Friday, December 26, 2014

Linux Container Review 2 of 4: Storage Backends

Continuing reviews of Linux containers, we'll explore the file storage and tools involved.  The tools around Docker images are in flux, creating incompatibilities in images.  The introduction of Rocket, https://coreos.com/blog/rocket/ ,  also paves the way towards further image incompatibilities.  Changing storage backends after creating a large deployment may be difficult, so it is important to evaluate them beforehand, picking the one that best suites your needs.  In this blog post I'll investigate storage formats, storage backend drivers, and tooling around container images of a very minimal application deployment.
  • Picture This - Container image and storage concepts
  • What's in the Box? - Explore current storage formats
  • Tar and Beyond - Test tools to create and explore images
  • Efficient Cow - Evaluation of some "copy on write" efficiency
  • Thinking Outside the Box - Summarize (impatient readers should skip to here)

Picture This...

All containers require an image, which provides the visible root file system on which the container will operate.  This includes the directory layouts, file timestamps, Unix modes, and extended attributes from '/' on up.  An image may contain a complete Linux distribution or nothing at all.

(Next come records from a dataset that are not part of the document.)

lemma obtain_almost_minimizing_field:
  fixes W :: "real^3^3 \<Rightarrow> ennreal" and G :: "real^2 \<Rightarrow> real^2^3"
  assumes W: "continuous_on UNIV W" and G: "continuous_on UNIV G"
    and K: "0 \<le> K" "\<And>x. x \<in> S \<Longrightarrow> W0 W (G x) \<le> ennreal K"
    and sublevel: "\<And>F. W F \<le> ennreal (K + 1) \<Longrightarrow> norm F \<le> R \<and> \<delta> \<le> det F"
    and \<epsilon>: "0 < \<epsilon>" "\<epsilon> \<le> 1"
  obtains \<phi> where "\<phi> \<in> borel_measurable borel" "(\<lambda>x. W (augm (G x) (\<phi> x))) \<in> borel_measurable borel"
    and "\<And>x. x \<in> S \<Longrightarrow> W (augm (G x) (\<phi> x)) < W0 W (G x) + ennreal \<epsilon>"
    and "\<And>x. x \<in> S \<Longrightarrow> norm (\<phi> x) \<le> R" "\<And>x. x \<in> S \<Longrightarrow> \<delta> \<le> det (augm (G x) (\<phi> x))"
proof -
  define f where "f x \<xi> = W (augm (G x) \<xi>)" for x \<xi>
  have f_continuous: "continuous_on UNIV (f x)" for x
    unfolding f_def by (rule continuous_on_compose2[OF W]) (auto intro!: continuous_intros)
  have f_measurable: "(\<lambda>x. f x \<xi>) \<in> borel_measurable borel" for \<xi>
    unfolding f_def
    by (intro borel_measurable_continuous_onI continuous_on_compose2[OF W])
      (auto intro!: continuous_intros G)
  obtain \<phi> where \<phi>: "\<phi> \<in> borel_measurable borel" "(\<lambda>x. f x (\<phi> x)) \<in> borel_measurable borel"
    and almost_min: "\<And>x. (INF \<xi>. f x \<xi>) < \<infinity> \<Longrightarrow> f x (\<phi> x) < (INF \<xi>. f x \<xi>) + ennreal \<epsilon>"
    using obtain_measurable_almost_minimizer[of f borel, OF f_measurable f_continuous \<epsilon>(1)] by auto
  have \<phi>_W: "W (augm (G x) (\<phi> x)) < W0 W (G x) + ennreal \<epsilon>" if "x \<in> S" for x
    using almost_min[of x] K(2)[OF that] unfolding W0_def f_def by (simp add: le_less_trans)
  have \<phi>_sublevel: "norm (\<phi> x) \<le> R \<and> \<delta> \<le> det (augm (G x) (\<phi> x))" if "x \<in> S" for x
  proof -
    have "W (augm (G x) (\<phi> x)) \<le> W0 W (G x) + ennreal \<epsilon>"
      using \<phi>_W[OF that] by simp
    also have "\<dots> \<le> ennreal K + ennreal 1"
      using K(2)[OF that] \<epsilon>(2) by (intro add_mono) auto
    also have "\<dots> = ennreal (K + 1)"
      using K(1) by simp
    finally have "norm (augm (G x) (\<phi> x)) \<le> R \<and> \<delta> \<le> det (augm (G x) (\<phi> x))"
      by (rule sublevel)
    then show ?thesis
      using norm_le_norm_augm[of "\<phi> x" "G x"] by linarith
  qed
  show ?thesis
    using that[of \<phi>] \<phi> \<phi>_W \<phi>_sublevel unfolding f_def by blast
qed

lemma borel_measurable_W0:
  assumes "continuous_on UNIV W" "continuous_on UNIV G"
  shows "(\<lambda>x. W0 W (G x)) \<in> borel_measurable borel"
proof -
  have "(\<lambda>x. W (augm (G x) \<xi>)) \<in> borel_measurable borel" for \<xi>
    by (intro borel_measurable_continuous_onI continuous_on_compose2[OF assms(1)])
      (auto intro!: continuous_intros assms(2))
  moreover have "continuous_on UNIV (\<lambda>\<xi>. W (augm (G x) \<xi>))" for x
    by (rule continuous_on_compose2[OF assms(1)]) (auto intro!: continuous_intros)
  ultimately show ?thesis
    unfolding W0_def by (rule borel_measurable_INF_continuous[of "\<lambda>x \<xi>. W (augm (G x) \<xi>)"])
qed

lemma INF_admissible_le_relaxed_energy:
  fixes W :: "real^3^3 \<Rightarrow> ennreal" and G :: "real^2 \<Rightarrow> real^2^3"
  assumes W: "continuous_on UNIV W" "\<And>F. det F > 0 \<Longrightarrow> W F < \<infinity>"
    and \<Omega>: "open \<Omega>" "bounded \<Omega>"
    and G: "continuous_on UNIV G" "\<And>x. x \<in> closure \<Omega> \<Longrightarrow> norm (G x) \<le> M"
      "\<And>x. x \<in> closure \<Omega> \<Longrightarrow> \<eta> \<le> norm (cross_columns (G x))"
    and K: "0 \<le> K" "\<And>A. norm A \<le> M \<Longrightarrow> \<eta> \<le> norm (cross_columns A) \<Longrightarrow> W0 W A \<le> ennreal K"
    and sublevel: "\<And>F. W F \<le> ennreal (K + 1) \<Longrightarrow> norm F \<le> R \<and> \<delta> \<le> det F"
    and pos: "\<eta> > 0" "R > 0" "\<delta> > 0"
    and \<beta>: "2 * R + \<delta> / \<eta> + 1 \<le> \<beta>" "2 / \<delta> \<le> \<beta>"
  shows "(INF \<psi>\<in>admissible \<beta> \<Omega> G. \<integral>\<^sup>+ x. W (augm (G x) (\<psi> x)) * indicator \<Omega> x \<partial>lborel)
    \<le> (\<integral>\<^sup>+ x. W0 W (G x) * indicator \<Omega> x \<partial>lborel)"
proof (rule ennreal_le_epsilon_mult)
  show "emeasure lborel \<Omega> < \<infinity>"
    by (rule emeasure_bounded_finite[OF \<Omega>(2)])
  fix \<epsilon> :: real
  assume \<epsilon>: "0 < \<epsilon>" "\<epsilon> \<le> 1"
  have "W0 W (G x) \<le> ennreal K" if "x \<in> closure \<Omega>" for x
    by (rule K(2)[OF G(2,3)[OF that]])
  then obtain \<phi> where \<phi>: "\<phi> \<in> borel_measurable borel" "(\<lambda>x. W (augm (G x) (\<phi> x))) \<in> borel_measurable borel"
    and \<phi>_W: "\<And>x. x \<in> closure \<Omega> \<Longrightarrow> W (augm (G x) (\<phi> x)) < W0 W (G x) + ennreal \<epsilon>"
    and \<phi>_bounds: "\<And>x. x \<in> closure \<Omega> \<Longrightarrow> norm (\<phi> x) \<le> R"
      "\<And>x. x \<in> closure \<Omega> \<Longrightarrow> \<delta> \<le> det (augm (G x) (\<phi> x))"
    using obtain_almost_minimizing_field[where S = "closure \<Omega>", OF W(1) G(1) K(1) _ sublevel \<epsilon>]
    by blast
  have "(INF \<psi>\<in>admissible \<beta> \<Omega> G. \<integral>\<^sup>+ x. W (augm (G x) (\<psi> x)) * indicator \<Omega> x \<partial>lborel)
      \<le> (\<integral>\<^sup>+ x. W (augm (G x) (\<phi> x)) * indicator \<Omega> x \<partial>lborel)"
    using \<phi> \<phi>_bounds closure_subset
    by (intro INF_admissible_le_energy[OF W \<Omega> G _ _ _ _ pos \<beta>]) auto
  also have "\<dots> \<le> (\<integral>\<^sup>+ x. W0 W (G x) * indicator \<Omega> x + ennreal \<epsilon> * indicator \<Omega> x \<partial>lborel)"
  proof (rule nn_integral_mono)
    fix x
    show "W (augm (G x) (\<phi> x)) * indicator \<Omega> x
        \<le> W0 W (G x) * indicator \<Omega> x + ennreal \<epsilon> * indicator \<Omega> x"
      using \<phi>_W[OF closure_subset[THEN subsetD]] by (cases "x \<in> \<Omega>") (auto intro: less_imp_le)
  qed
  also have "\<dots> = (\<integral>\<^sup>+ x. W0 W (G x) * indicator \<Omega> x \<partial>lborel) + ennreal \<epsilon> * emeasure lborel \<Omega>"
    using borel_measurable_W0[OF W(1) G(1)] \<Omega>(1)
    by (simp add: nn_integral_add nn_integral_cmult_indicator)
  finally show "(INF \<psi>\<in>admissible \<beta> \<Omega> G. \<integral>\<^sup>+ x. W (augm (G x) (\<psi> x)) * indicator \<Omega> x \<partial>lborel)
      \<le> (\<integral>\<^sup>+ x. W0 W (G x) * indicator \<Omega> x \<partial>lborel) + ennreal \<epsilon> * emeasure lborel \<Omega>" .
qed

lemma relaxed_energy_eq_INF_admissible:
  fixes W :: "real^3^3 \<Rightarrow> ennreal" and G :: "real^2 \<Rightarrow> real^2^3"
  assumes W: "continuous_on UNIV W" "\<And>F. det F > 0 \<Longrightarrow> W F < \<infinity>"
    and \<Omega>: "open \<Omega>" "bounded \<Omega>"
    and G: "continuous_on (closure \<Omega>) G" "\<And>x. x \<in> closure \<Omega> \<Longrightarrow> norm (G x) \<le> M"
      "\<And>x. x \<in> closure \<Omega> \<Longrightarrow> \<eta> \<le> norm (cross_columns (G x))"
    and K: "0 \<le> K" "\<And>A. norm A \<le> M \<Longrightarrow> \<eta> \<le> norm (cross_columns A) \<Longrightarrow> W0 W A \<le> ennreal K"
    and sublevel: "\<And>F. W F \<le> ennreal (K + 1) \<Longrightarrow> norm F \<le> R \<and> \<delta> \<le> det F"
    and pos: "\<eta> > 0" "R > 0" "\<delta> > 0"
    and \<beta>: "2 * R + \<delta> / \<eta> + 1 \<le> \<beta>" "2 / \<delta> \<le> \<beta>"
  shows "(\<integral>\<^sup>+ x. W0 W (G x) * indicator \<Omega> x \<partial>lborel)
    = (INF \<psi>\<in>admissible \<beta> \<Omega> G. \<integral>\<^sup>+ x. W (augm (G x) (\<psi> x)) * indicator \<Omega> x \<partial>lborel)"
proof (rule antisym)
  show "(\<integral>\<^sup>+ x. W0 W (G x) * indicator \<Omega> x \<partial>lborel)
    \<le> (INF \<psi>\<in>admissible \<beta> \<Omega> G. \<integral>\<^sup>+ x. W (augm (G x) (\<psi> x)) * indicator \<Omega> x \<partial>lborel)"
    by (intro INF_greatest nn_integral_mono mult_right_mono W0_le) simp
  obtain G' where G': "continuous_on UNIV G'" "\<And>x. x \<in> closure \<Omega> \<Longrightarrow> G' x = G x"
    using Tietze_unbounded[OF G(1), of UNIV] by auto
  have on_\<Omega>: "x \<in> \<Omega> \<Longrightarrow> G' x = G x" for x
    using G'(2) closure_subset by blast
  have "(INF \<psi>\<in>admissible \<beta> \<Omega> G'. \<integral>\<^sup>+ x. W (augm (G' x) (\<psi> x)) * indicator \<Omega> x \<partial>lborel)
      \<le> (\<integral>\<^sup>+ x. W0 W (G' x) * indicator \<Omega> x \<partial>lborel)"
    using G' G(2,3) by (intro INF_admissible_le_relaxed_energy[OF W \<Omega> _ _ _ K sublevel pos \<beta>]) auto
  moreover have "admissible \<beta> \<Omega> G' = admissible \<beta> \<Omega> G"
    by (simp add: admissible_def G'(2))
  moreover have "(\<integral>\<^sup>+ x. W (augm (G' x) (\<psi> x)) * indicator \<Omega> x \<partial>lborel)
      = (\<integral>\<^sup>+ x. W (augm (G x) (\<psi> x)) * indicator \<Omega> x \<partial>lborel)" for \<psi>
    using on_\<Omega> by (intro nn_integral_cong) (simp split: split_indicator)
  moreover have "(\<integral>\<^sup>+ x. W0 W (G' x) * indicator \<Omega> x \<partial>lborel) = (\<integral>\<^sup>+ x. W0 W (G x) * indicator \<Omega> x \<partial>lborel)"
    using on_\<Omega> by (intro nn_integral_cong) (simp split: split_indicator)
  ultimately show "(INF \<psi>\<in>admissible \<beta> \<Omega> G. \<integral>\<^sup>+ x. W (augm (G x) (\<psi> x)) * indicator \<Omega> x \<partial>lborel)
    \<le> (\<integral>\<^sup>+ x. W0 W (G x) * indicator \<Omega> x \<partial>lborel)"
    by simp
qed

To start a container both an image and compatible storage driver is required.  The storage driver must be able to provide a layered file system.  The idea is that multiple containers may run concurrently on the same server using the same copy of the data within the image.  Any writes performed will be saved in such a way that only the container that wrote to it will be able to access the updated version of the file.

The changes made within a container can be persisted via a snapshot.  Some tools use this functionality implicitly, e.g. a docker build on a Dockerfile will create a snapshot automatically after each processed statement.  Snapshots can then be used for file system rollback.  Common use cases for rollback are to revert to the first sign of issues within a build or installation process after a failure.

Containers can be started with mounts separate from the base image, e.g. Docker "volumes".  Also, tools can be provided to mount external file systems, using traditional methods as well, e.g. via NFS mounts.  This is particularly important if a container relies on high write volume and/or performance within a portion of the file system.

What's in the Box?

Images will be in one of two states: within a storage backend or in a file archive.  Both Docker and Rocket projects use tar as their archive format for offline storage, https://github.com/appc/spec/blob/master/SPEC.md#app-container-image .  Both specify nested tars with the outer layer containing meta data files, including a JSON file describing the image format.  The storage backend formats vary greatly.  Some examples of storage backends for Docker are:
  • AUFS
  • LVM
  • BTRFS
  • OverlayFS
These file systems fall into one of two categories:

  • Union file system: Combines base image with changes via union mount, http://en.wikipedia.org/wiki/Union_mount 
  • Copy-on-write file system: Combines base image with changes via snapshot deltas
Either system will allow independent containers to run, re-using files where possible, creating new ones as needed.  Union file systems typically resolve access more quickly, but must create completely new files if any portion of a file is modified within a container.  Snapshot CoW file systems can store deltas at a block level, so that small changes to big files only result in small deltas.

AUFS is a union file system, and one of the original storage backends for Docker.  Use of AUFS did require compilation of a custom kernel to be made available for use.  It is fast becoming a historical note in the Docker history, as other options were pursued after it was not accepted in the upstream Linux kernel.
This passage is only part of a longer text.